Stratigraphic evolution of the northern part of the Cretaceous Neungju Basin, South Korea

Abstract

Several nonmarine basins were formed in SW Korea under an extensional or transtensional tectonic regime during the Cretaceous. The Neungju Basin is one of these basins, filled by alluvial to lacustrine deposits interbedded with thick, amalgamated tuff beds. Facies analysis in the northern part of the basin shows that the basin fill is composed of four facies associations, representing (1) alluvial fan, (2) alluvial plain, (3) sandflat, and (4) marginal playa lake environments. The basin fill can be subdivided into four stratigraphic units by interbedded thick amalgamated tuff beds. The lowermost unit (unit I) is composed of alluvial plain deposits. The lack of any vertical depositional trend indicates a balance between basin subsidence and sediment supply. The middle unit (units II and III) show regional variations. The extensive lake formed in the central to northern parts of the basin, which are later partly filled by proximal sediments from surrounding areas. In contrast, only alluvial plain to sandflat environments occurred in the southern part. The uppermost unit (unit IV) shows a transition from alluvial fan to sandflat, comprising a fining-upward trend that reflects a gradual decrease in sediment supply and slope-gradient during denudation of uplifted source areas.
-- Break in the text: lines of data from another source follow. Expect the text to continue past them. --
(* In a generalised differential Seely category, for every morphism $(f,u):(X,A)\to(Y,B)$ of $LS(\mathscr C)$, $\mathrm D_2(⦃(f,u)⦄)=\pi_1^*(\mathrm{id}_X,u);⦃(f,u)⦄^*i^{Y,\mathcal U(B)}_2$, where $\pi_1:X\times\mathcal U(A)\to X$ and $(\mathrm{id}_X,u):(X,A)\to(X,B)$ is regarded as a morphism of the fibre over $X$.
   Context: Composition is diagrammatic; monoidal categories are strict. Setting: an LNL adjunction $\mathcal F\dashv\mathcal U$, $\mathcal F:\mathscr C\to\mathcal L$, between cartesian $(\mathscr C,\times,I)$ and symmetric monoidal $(\mathcal L,\otimes,1)$; $\mathcal U$ lax monoidal via $n_{A,B}:\mathcal U(A)\times\mathcal U(B)\to\mathcal U(A\otimes B)$; $\mathcal F$ strong monoidal via isomorphisms $m_{X,Y}$, $m_1$; unit $\eta$; $\mathbf c_X:=\mathcal F(\Delta_X);m_{X,X}^{-1}$, $\mathbf w_X:=\mathcal F(t_X);m_1^{-1}$. $LS(\mathscr C)$: objects $(X,A)$; morphisms $(f,u):(X,A)\to(Y,B)$ with $f:X\to Y$, $u:\mathcal F(X)\otimes A\to B$; composition $(f,u);(g,v)=(f;g,(\mathbf c_X\otimes\mathrm{id}_A);(\mathcal F(f)\otimes u);v)$; identity $(\mathrm{id}_X,\mathbf w_X\otimes\mathrm{id}_A)$; $\mathbf{ls}(f,u)=f$; fibre over $X$ = morphisms $(\mathrm{id}_X,u)$; reindexing along $h:X'\to X$: $h^*(X,B)=(X',B)$, $h^*(\mathrm{id}_X,v)=(\mathrm{id}_{X'},(\mathcal F(h)\otimes\mathrm{id}_B);v)$. With biproducts $\oplus$ in $\mathcal L$: fibrewise injections $\iota^X_i=(\mathrm{id}_X,\mathbf w_X\otimes\iota_i)$; products in $LS(\mathscr C)$: $(X\times Y,A\oplus B)$ with projections $(\pi_i,\mathbf w_{X\times Y}\otimes\pi_i)$. GDSC: $\mathcal L$ additive (CMon-enriched, $\otimes$ bilinear) with finite products, and a functor $\mathcal T:\mathscr C\to LS(\mathscr C)$ with: (t.1) $\mathbf{ls}\circ\mathcal T=\mathrm{id}$, so $\mathcal T(X)=(X,\lambda(X))$, and $\varphi_{X,Y}:=\langle\mathcal T(\pi_1),\mathcal T(\pi_2)\rangle:\mathcal T(X\times Y)\to(X\times Y,\lambda(X)\oplus\lambda(Y))$ is an isomorphism; (t.2) $\mathcal T(\mathcal U(A))=(\mathcal U(A),A)$; (t.3) with $i^{X,Y}_2:=\iota^{X\times Y}_2;\varphi^{-1}_{X,Y}:(X\times Y,\lambda(Y))\to\mathcal T(X\times Y)$, comprehension $⦃(f,u)⦄:=\langle\pi_1;f,(\eta_X\times\mathrm{id}_{\mathcal U(A)});n_{\mathcal F(X),A};\mathcal U(u)\rangle:X\times\mathcal U(A)\to Y\times\mathcal U(B)$, weakening $W(f,u):=(⦃(f,u)⦄,(\mathcal F(\pi_1)\otimes\mathrm{id}_A);u):(X\times\mathcal U(A),A)\to(Y\times\mathcal U(B),B)$: $W(f,u);i^{Y,\mathcal U(B)}_2=i^{X,\mathcal U(A)}_2;\mathcal T(⦃(f,u)⦄)$. Differential: for $g:X\to Y$ with $\mathcal T(g)=(g,v)$, $\mathrm D(g):=(\mathrm{id}_X,v):(X,\lambda(X))\to(X,\lambda(Y))$. Partial differential: for $g:X\times Y\to Z$, $\mathrm D_2(g):=i^{X,Y}_2;\mathrm D(g):(X\times Y,\lambda(Y))\to(X\times Y,\lambda(Z))$. *)

theory Defs
  imports Main
begin

section \<open>Categories (objects = a whole type; composition diagrammatic)\<close>

record ('o,'m) cat =
  hom :: "'o \<Rightarrow> 'o \<Rightarrow> 'm set"
  cmp :: "'m \<Rightarrow> 'm \<Rightarrow> 'm"   (* cmp f g = f;g  (first f, then g) *)
  idt :: "'o \<Rightarrow> 'm"

definition is_cat :: "('o,'m,'x) cat_scheme \<Rightarrow> bool" where
  "is_cat K \<longleftrightarrow>
    (\<forall>X. idt K X \<in> hom K X X) \<and>
    (\<forall>X Y Z f g. f \<in> hom K X Y \<longrightarrow> g \<in> hom K Y Z \<longrightarrow> cmp K f g \<in> hom K X Z) \<and>
    (\<forall>X Y f. f \<in> hom K X Y \<longrightarrow> cmp K (idt K X) f = f \<and> cmp K f (idt K Y) = f) \<and>
    (\<forall>W X Y Z f g h. f \<in> hom K W X \<longrightarrow> g \<in> hom K X Y \<longrightarrow> h \<in> hom K Y Z \<longrightarrow>
        cmp K (cmp K f g) h = cmp K f (cmp K g h))"

definition is_functor :: "('o,'m,'x) cat_scheme \<Rightarrow> ('p,'n,'y) cat_scheme \<Rightarrow>
    ('o \<Rightarrow> 'p) \<Rightarrow> ('m \<Rightarrow> 'n) \<Rightarrow> bool" where
  "is_functor K K' Fo Fm \<longleftrightarrow>
    (\<forall>X Y f. f \<in> hom K X Y \<longrightarrow> Fm f \<in> hom K' (Fo X) (Fo Y)) \<and>
    (\<forall>X. Fm (idt K X) = idt K' (Fo X)) \<and>
    (\<forall>X Y Z f g. f \<in> hom K X Y \<longrightarrow> g \<in> hom K Y Z \<longrightarrow> Fm (cmp K f g) = cmp K' (Fm f) (Fm g))"

definition is_iso_pair :: "('o,'m,'x) cat_scheme \<Rightarrow> 'o \<Rightarrow> 'o \<Rightarrow> 'm \<Rightarrow> 'm \<Rightarrow> bool" where
  "is_iso_pair K X Y f g \<longleftrightarrow> f \<in> hom K X Y \<and> g \<in> hom K Y X \<and>
     cmp K f g = idt K X \<and> cmp K g f = idt K Y"

section \<open>Strict cartesian category\<close>

record ('o,'m) cart = "('o,'m) cat" +
  prd  :: "'o \<Rightarrow> 'o \<Rightarrow> 'o"
  pr1  :: "'o \<Rightarrow> 'o \<Rightarrow> 'm"
  pr2  :: "'o \<Rightarrow> 'o \<Rightarrow> 'm"
  tup  :: "'m \<Rightarrow> 'm \<Rightarrow> 'm"
  trm  :: "'o"
  bang :: "'o \<Rightarrow> 'm"

definition cprodm :: "('o,'m,'x) cart_scheme \<Rightarrow> 'o \<Rightarrow> 'o \<Rightarrow> 'm \<Rightarrow> 'm \<Rightarrow> 'm" where
  "cprodm K X Y h k = tup K (cmp K (pr1 K X Y) h) (cmp K (pr2 K X Y) k)"

definition is_cart :: "('o,'m,'x) cart_scheme \<Rightarrow> bool" where
  "is_cart K \<longleftrightarrow> is_cat K \<and>
    (\<forall>X. bang K X \<in> hom K X (trm K) \<and> (\<forall>h \<in> hom K X (trm K). h = bang K X)) \<and>
    (\<forall>X Y. pr1 K X Y \<in> hom K (prd K X Y) X \<and> pr2 K X Y \<in> hom K (prd K X Y) Y) \<and>
    (\<forall>X Y Z f g. f \<in> hom K Z X \<longrightarrow> g \<in> hom K Z Y \<longrightarrow>
        tup K f g \<in> hom K Z (prd K X Y) \<and>
        cmp K (tup K f g) (pr1 K X Y) = f \<and> cmp K (tup K f g) (pr2 K X Y) = g \<and>
        (\<forall>h \<in> hom K Z (prd K X Y). cmp K h (pr1 K X Y) = f \<and> cmp K h (pr2 K X Y) = g
             \<longrightarrow> h = tup K f g)) \<and>
    \<comment> \<open>strictness of the cartesian monoidal structure\<close>
    (\<forall>X Y Z. prd K (prd K X Y) Z = prd K X (prd K Y Z)) \<and>
    (\<forall>X. prd K (trm K) X = X \<and> prd K X (trm K) = X) \<and>
    (\<forall>X Y Z. tup K (tup K (pr1 K X (prd K Y Z)) (cmp K (pr2 K X (prd K Y Z)) (pr1 K Y Z)))
                     (cmp K (pr2 K X (prd K Y Z)) (pr2 K Y Z))
             = idt K (prd K X (prd K Y Z))) \<and>
    (\<forall>X. pr2 K (trm K) X = idt K X \<and> pr1 K X (trm K) = idt K X)"

section \<open>Additive strict symmetric monoidal category with finite (bi)products\<close>

record ('o,'m) asmc = "('o,'m) cat" +
  ten  :: "'o \<Rightarrow> 'o \<Rightarrow> 'o"
  tenm :: "'m \<Rightarrow> 'm \<Rightarrow> 'm"
  unt  :: "'o"
  sym  :: "'o \<Rightarrow> 'o \<Rightarrow> 'm"
  zer  :: "'o \<Rightarrow> 'o \<Rightarrow> 'm"
  pls  :: "'m \<Rightarrow> 'm \<Rightarrow> 'm"
  zob  :: "'o"
  bip  :: "'o \<Rightarrow> 'o \<Rightarrow> 'o"
  bpr1 :: "'o \<Rightarrow> 'o \<Rightarrow> 'm"
  bpr2 :: "'o \<Rightarrow> 'o \<Rightarrow> 'm"
  bin1 :: "'o \<Rightarrow> 'o \<Rightarrow> 'm"
  bin2 :: "'o \<Rightarrow> 'o \<Rightarrow> 'm"

definition is_ssmc :: "('o,'m,'x) asmc_scheme \<Rightarrow> bool" where
  "is_ssmc K \<longleftrightarrow> is_cat K \<and>
    (\<forall>A B C D f g. f \<in> hom K A B \<longrightarrow> g \<in> hom K C D \<longrightarrow> tenm K f g \<in> hom K (ten K A C) (ten K B D)) \<and>
    (\<forall>A B. tenm K (idt K A) (idt K B) = idt K (ten K A B)) \<and>
    (\<forall>A B C A' B' C' f g f' g'. f \<in> hom K A B \<longrightarrow> g \<in> hom K B C \<longrightarrow>
        f' \<in> hom K A' B' \<longrightarrow> g' \<in> hom K B' C' \<longrightarrow>
        tenm K (cmp K f g) (cmp K f' g') = cmp K (tenm K f f') (tenm K g g')) \<and>
    \<comment> \<open>strictness\<close>
    (\<forall>A B C. ten K (ten K A B) C = ten K A (ten K B C)) \<and>
    (\<forall>A. ten K (unt K) A = A \<and> ten K A (unt K) = A) \<and>
    (\<forall>A B C D E G f g h. f \<in> hom K A B \<longrightarrow> g \<in> hom K C D \<longrightarrow> h \<in> hom K E G \<longrightarrow>
        tenm K (tenm K f g) h = tenm K f (tenm K g h)) \<and>
    (\<forall>A B f. f \<in> hom K A B \<longrightarrow> tenm K (idt K (unt K)) f = f \<and> tenm K f (idt K (unt K)) = f) \<and>
    \<comment> \<open>symmetry\<close>
    (\<forall>A B. sym K A B \<in> hom K (ten K A B) (ten K B A)) \<and>
    (\<forall>A A' B B' f g. f \<in> hom K A A' \<longrightarrow> g \<in> hom K B B' \<longrightarrow>
        cmp K (tenm K f g) (sym K A' B') = cmp K (sym K A B) (tenm K g f)) \<and>
    (\<forall>A B. cmp K (sym K A B) (sym K B A) = idt K (ten K A B)) \<and>
    (\<forall>A B C. sym K A (ten K B C) =
        cmp K (tenm K (sym K A B) (idt K C)) (tenm K (idt K B) (sym K A C)))"

definition is_additive :: "('o,'m,'x) asmc_scheme \<Rightarrow> bool" where
  "is_additive K \<longleftrightarrow>
    (\<forall>A B. zer K A B \<in> hom K A B) \<and>
    (\<forall>A B f g. f \<in> hom K A B \<longrightarrow> g \<in> hom K A B \<longrightarrow> pls K f g \<in> hom K A B) \<and>
    (\<forall>A B f g h. f \<in> hom K A B \<longrightarrow> g \<in> hom K A B \<longrightarrow> h \<in> hom K A B \<longrightarrow>
        pls K (pls K f g) h = pls K f (pls K g h)) \<and>
    (\<forall>A B f g. f \<in> hom K A B \<longrightarrow> g \<in> hom K A B \<longrightarrow> pls K f g = pls K g f) \<and>
    (\<forall>A B f. f \<in> hom K A B \<longrightarrow> pls K f (zer K A B) = f) \<and>
    \<comment> \<open>composition is bilinear\<close>
    (\<forall>A B C f g g'. f \<in> hom K A B \<longrightarrow> g \<in> hom K B C \<longrightarrow> g' \<in> hom K B C \<longrightarrow>
        cmp K f (pls K g g') = pls K (cmp K f g) (cmp K f g') \<and>
        cmp K (pls K g g') (zer K C A) = zer K B A \<and>
        cmp K (zer K A B) g = zer K A C \<and> cmp K f (zer K B C) = zer K A C) \<and>
    (\<forall>A B C f f' g. f \<in> hom K A B \<longrightarrow> f' \<in> hom K A B \<longrightarrow> g \<in> hom K B C \<longrightarrow>
        cmp K (pls K f f') g = pls K (cmp K f g) (cmp K f' g)) \<and>
    \<comment> \<open>tensor is bilinear\<close>
    (\<forall>A B C D f f' g. f \<in> hom K A B \<longrightarrow> f' \<in> hom K A B \<longrightarrow> g \<in> hom K C D \<longrightarrow>
        tenm K (pls K f f') g = pls K (tenm K f g) (tenm K f' g) \<and>
        tenm K g (pls K f f') = pls K (tenm K g f) (tenm K g f') \<and>
        tenm K (zer K A B) g = zer K (ten K A C) (ten K B D) \<and>
        tenm K g (zer K A B) = zer K (ten K C A) (ten K D B))"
The variations in depositional patterns were possibly caused by the relationship between volcanism-driven sediment supply and basin subsidence. Basin subsidence may have been sufficient to compensate the volcanism-driven sediment supply prior to the deposition of units II and III, resulting in the conformable deposition of lake sediments over thick amalgamated tuff beds. In contrast, volcanism-driven sediment supply may have reduced the generation of accommodation prior to the deposition of unit IV, resulting in the deposition of conglomerates over thick tuff beds. The traditional depositional model composed of syn-eruption aggradation and inter-eruption degradation may not sufficiently explain the development of sedimentary succession, in which the balance between volcanism-driven sediment supply versus basin subsidence coeval to volcanism is variable.